WORK REQUIRED
Copy every line below that has the word "mrank" in it.

Stored items from a collection
######
(* Let $D,W,V,K$ be positive integers, $N:=W+VK$. Fix $\sharp\in\{\mathrm{st},\mathrm{m}\}$ and index pairs $\theta^{(\sharp)}(1),\dots,\theta^{(\sharp)}(J)$, lying in $\{1,\dots,W\}^{\times2}$ if $\sharp=\mathrm{st}$ and in $\{1,\dots,VK\}^{\times2}$ if $\sharp=\mathrm{m}$. For $P=(P_{\mathrm{st}}\,|\,P_{\mathrm{m}})\in\mathbb{R}^{D\times N}$ with $P_{\mathrm{st}}\in\mathbb{R}^{D\times W}$, let $\mathcal{D}:=P_{\mathrm{st}}^TP_{\mathrm{m}}\in\mathbb{R}^{W\times VK}$ and $\mathcal{M}(P):=\bigl(\mathrm{vec}(\mathcal{N}^{(\sharp)}_1)\,|\cdots|\,\mathrm{vec}(\mathcal{N}^{(\sharp)}_J)\bigr)$ with $$\mathcal{N}^{(\mathrm{st})}_j:=\tfrac12\Bigl(\bigl(\mathcal{D}_{\theta^{(\mathrm{st})}(j)_1,1:D}\bigr)^T\mathcal{D}_{\theta^{(\mathrm{st})}(j)_2,1:D}+\bigl(\mathcal{D}_{\theta^{(\mathrm{st})}(j)_2,1:D}\bigr)^T\mathcal{D}_{\theta^{(\mathrm{st})}(j)_1,1:D}\Bigr),$$ $$\mathcal{N}^{(\mathrm{m})}_j:=\tfrac12\Bigl(\mathcal{D}_{1:D,\theta^{(\mathrm{m})}(j)_1}\bigl(\mathcal{D}_{1:D,\theta^{(\mathrm{m})}(j)_2}\bigr)^T+\mathcal{D}_{1:D,\theta^{(\mathrm{m})}(j)_2}\bigl(\mathcal{D}_{1:D,\theta^{(\mathrm{m})}(j)_1}\bigr)^T\Bigr).$$ Then either every $P\in\mathbb{R}^{D\times N}$ satisfies $\mathrm{rank}(\mathcal{M}(P))<D(D+1)/2$, or Lebesgue-almost all $P\in\mathbb{R}^{D\times N}$ satisfy $\mathrm{rank}(\mathcal{M}(P))=D(D+1)/2$.
   Context: $\mathcal{D}_{i,1:D}$ is the row vector of the first $D$ entries of row $i$ of $\mathcal{D}$; $\mathcal{D}_{1:D,l}$ is the column vector of the first $D$ entries of column $l$ of $\mathcal{D}$. $\theta(j)_1,\theta(j)_2$ are the two components of the index pair $\theta(j)$. $\mathrm{vec}(X)$ stacks the columns of $X$ into a single column vector. *)

theory Defs
  imports "HOL-Analysis.Analysis" "Jordan_Normal_Form.DL_Rank"
begin

text \<open>Conventions: all indices are 0-based.  A matrix P in R^(D x N) is an element
  of the extensional function space on the index set {..<D} x {..<N}; Lebesgue measure
  on R^(D x N) is the product of lborel over that index set.\<close>

datatype sharp = St | Mm

definition Pst :: "nat \<Rightarrow> nat \<Rightarrow> (nat \<times> nat \<Rightarrow> real) \<Rightarrow> real mat" where
  "Pst D W P = mat D W (\<lambda>(i,j). P (i, j))"

definition Pm :: "nat \<Rightarrow> nat \<Rightarrow> nat \<Rightarrow> (nat \<times> nat \<Rightarrow> real) \<Rightarrow> real mat" where
  "Pm D W VK P = mat D VK (\<lambda>(i,j). P (i, W + j))"

definition Dmat :: "nat \<Rightarrow> nat \<Rightarrow> nat \<Rightarrow> (nat \<times> nat \<Rightarrow> real) \<Rightarrow> real mat" where
  "Dmat D W VK P = transpose_mat (Pst D W P) * Pm D W VK P"

definition Nmat :: "sharp \<Rightarrow> nat \<Rightarrow> real mat \<Rightarrow> nat \<times> nat \<Rightarrow> real mat" where
  "Nmat s D Dm ab = (case s of
     St \<Rightarrow> mat D D (\<lambda>(r,c). (1/2) * (Dm $$ (fst ab, r) * Dm $$ (snd ab, c)
                                    + Dm $$ (snd ab, r) * Dm $$ (fst ab, c)))
   | Mm \<Rightarrow> mat D D (\<lambda>(r,c). (1/2) * (Dm $$ (r, fst ab) * Dm $$ (c, snd ab)
                                    + Dm $$ (r, snd ab) * Dm $$ (c, fst ab))))"

definition vecm :: "real mat \<Rightarrow> real vec" where
  "vecm X = vec (dim_row X * dim_col X) (\<lambda>k. X $$ (k mod dim_row X, k div dim_row X))"

definition Mmat :: "sharp \<Rightarrow> nat \<Rightarrow> nat \<Rightarrow> nat \<Rightarrow> nat \<Rightarrow> (nat \<Rightarrow> nat \<times> nat)
     \<Rightarrow> (nat \<times> nat \<Rightarrow> real) \<Rightarrow> real mat" where
  "Mmat s D W VK J theta P =
     mat_of_cols (D * D) (map (\<lambda>j. vecm (Nmat s D (Dmat D W VK P) (theta j))) [0..<J])"

definition mrank :: "real mat \<Rightarrow> nat" where
  "mrank A = vec_space.rank (dim_row A) A"

end

theory Submission
  imports Defs
begin

text \<open>Every entry of \<M>(P) is a polynomial in the entries of P, and every column of \<M>(P) is the
  vectorisation of a symmetric D \<times> D matrix, so rank \<M>(P) \<le> D(D+1)/2 for all P.
  If some P0 attains this bound, choose D(D+1)/2 columns that are independent at P0.
  Their Gram determinant is a polynomial in P that does not vanish at P0, and a nonzero
  polynomial vanishes only on a Lebesgue null set (induction on the number of variables, using
  Fubini and the finiteness of the root set in the last variable). Wherever the Gram determinant
  is nonzero the chosen columns stay independent, so the rank is D(D+1)/2 almost everywhere.\<close>

inductive polyfun :: "'i set \<Rightarrow> (('i \<Rightarrow> real) \<Rightarrow> real) \<Rightarrow> bool" for I where
  polyfun_const: "polyfun I (\<lambda>x. c)"
| polyfun_var: "i \<in> I \<Longrightarrow> polyfun I (\<lambda>x. x i)"
| polyfun_add: "polyfun I f \<Longrightarrow> polyfun I g \<Longrightarrow> polyfun I (\<lambda>x. f x + g x)"
| polyfun_mult: "polyfun I f \<Longrightarrow> polyfun I g \<Longrightarrow> polyfun I (\<lambda>x. f x * g x)"

lemma polyfun_sum:
  "finite S \<Longrightarrow> (\<And>a. a \<in> S \<Longrightarrow> polyfun I (f a)) \<Longrightarrow> polyfun I (\<lambda>x. \<Sum>a\<in>S. f a x)"
  by (induction S rule: finite_induct) (auto intro: polyfun.intros)

lemma polyfun_prod:
  "finite S \<Longrightarrow> (\<And>a. a \<in> S \<Longrightarrow> polyfun I (f a)) \<Longrightarrow> polyfun I (\<lambda>x. \<Prod>a\<in>S. f a x)"
  by (induction S rule: finite_induct) (auto intro: polyfun.intros)

lemma polyfun_cong: "polyfun I f \<Longrightarrow> (\<And>j. j \<in> I \<Longrightarrow> x j = y j) \<Longrightarrow> f x = f y"
  by (induction rule: polyfun.induct) auto

lemma polyfun_measurable:
  "polyfun I f \<Longrightarrow> I \<subseteq> J \<Longrightarrow> f \<in> borel_measurable (PiM J (\<lambda>_. lborel))"
  by (induction rule: polyfun.induct) (auto intro: measurable_component_singleton)

lemma polyfun_det:
  assumes "\<And>x. A x \<in> carrier_mat n n"
    and "\<And>i j. i < n \<Longrightarrow> j < n \<Longrightarrow> polyfun I (\<lambda>x. A x $$ (i, j))"
  shows "polyfun I (\<lambda>x. det (A x))"
  unfolding det_def'[OF assms(1)]
  by (intro polyfun_sum polyfun_mult polyfun_const polyfun_prod assms(2))
     (auto simp: finite_permutations permutes_in_image)

lemma polyfun_insert_poly:
  assumes "polyfun (insert i I) f"
  obtains p where "\<And>k. polyfun I (\<lambda>x. coeff (p x) k)" "\<And>x. f x = poly (p x) (x i)"
proof -
  from assms have "\<exists>p. (\<forall>k. polyfun I (\<lambda>x. coeff (p x) k)) \<and> (\<forall>x. f x = poly (p x) (x i))"
  proof (induction rule: polyfun.induct)
    case (polyfun_const c)
    show ?case
      by (rule exI[of _ "\<lambda>x. [:c:]"]) (auto simp: coeff_pCons split: nat.split intro: polyfun.intros)
  next
    case (polyfun_var j)
    show ?case
    proof (cases "j = i")
      case True
      then show ?thesis
        by (intro exI[of _ "\<lambda>x. [:0, 1:]"]) (auto simp: coeff_pCons split: nat.split intro: polyfun.intros)
    next
      case False
      with polyfun_var have "polyfun I (\<lambda>x. coeff [:x j:] k)" for k
        by (cases k) (auto intro: polyfun.intros)
      then show ?thesis by (intro exI[of _ "\<lambda>x. [:x j:]"]) auto
    qed
  next
    case (polyfun_add f g)
    then obtain p q where "\<forall>k. polyfun I (\<lambda>x. coeff (p x) k)" "\<forall>x. f x = poly (p x) (x i)"
      "\<forall>k. polyfun I (\<lambda>x. coeff (q x) k)" "\<forall>x. g x = poly (q x) (x i)" by blast
    then show ?case by (intro exI[of _ "\<lambda>x. p x + q x"]) (auto intro: polyfun.intros)
  next
    case (polyfun_mult f g)
    then obtain p q where "\<forall>k. polyfun I (\<lambda>x. coeff (p x) k)" "\<forall>x. f x = poly (p x) (x i)"
      "\<forall>k. polyfun I (\<lambda>x. coeff (q x) k)" "\<forall>x. g x = poly (q x) (x i)" by blast
    then show ?case
      by (intro exI[of _ "\<lambda>x. p x * q x"]) (auto simp: coeff_mult intro!: polyfun_sum polyfun.intros)
  qed
  then show thesis using that by blast
qed

lemma AE_PiM_insert:
  fixes M :: "'i \<Rightarrow> 'a measure"
  assumes "finite I" "i \<notin> I" "\<And>j. sigma_finite_measure (M j)"
    and P: "Measurable.pred (PiM (insert i I) M) P"
    and AE: "AE y in PiM I M. AE z in PiM {i} M. P (merge I {i} (y, z))"
  shows "AE x in PiM (insert i I) M. P x"
proof -
  interpret product_sigma_finite M by (simp add: product_sigma_finite_def assms(3))
  interpret I: finite_product_sigma_finite M I by standard (rule assms(1))
  interpret i: finite_product_sigma_finite M "{i}" by standard simp
  interpret pair_sigma_finite "PiM I M" "PiM {i} M" by standard
  have P': "Measurable.pred (PiM (I \<union> {i}) M) P" using P by simp
  have "AE x in PiM I M \<Otimes>\<^sub>M PiM {i} M. P (merge I {i} x)"
    by (rule AE_pair_measure[OF _ AE[unfolded split_paired_all]]) (use P' in measurable)
  then have "AE x in distr (PiM I M \<Otimes>\<^sub>M PiM {i} M) (PiM (I \<union> {i}) M) (merge I {i}). P x"
    by (subst AE_distr_iff) (use P' in measurable)
  also have "distr (PiM I M \<Otimes>\<^sub>M PiM {i} M) (PiM (I \<union> {i}) M) (merge I {i}) = PiM (I \<union> {i}) M"
    by (rule distr_merge) (use assms(1,2) in auto)
  finally show ?thesis unfolding Un_insert_right Un_empty_right .
qed

lemma AE_poly_nonzero:
  fixes p :: "real poly"
  assumes "p \<noteq> 0"
  shows "AE z in PiM {i} (\<lambda>_. lborel). poly p (z i) \<noteq> 0"
proof -
  interpret finite_product_sigma_finite "\<lambda>_. lborel" "{i}" by standard simp
  define R where "R = {t. poly p t = 0}"
  have "R \<in> null_sets lborel"
    unfolding R_def using poly_roots_finite[OF assms] by (rule finite_imp_null_set_lborel)
  then have "PiE {i} (\<lambda>_. R) \<in> null_sets (PiM {i} (\<lambda>_. lborel))"
    by (auto simp: null_sets_def emeasure_PiM intro!: sets_PiM_I_finite)
  moreover have "{z \<in> space (PiM {i} (\<lambda>_. lborel)). \<not> poly p (z i) \<noteq> 0} \<subseteq> PiE {i} (\<lambda>_. R)"
    by (auto simp: R_def space_PiM PiE_iff extensional_def)
  ultimately show ?thesis by (rule AE_I')
qed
######
TASK OUTPUT
definition mrank :: "real mat \<Rightarrow> nat" where
  "mrank A = vec_space.rank (dim_row A) A"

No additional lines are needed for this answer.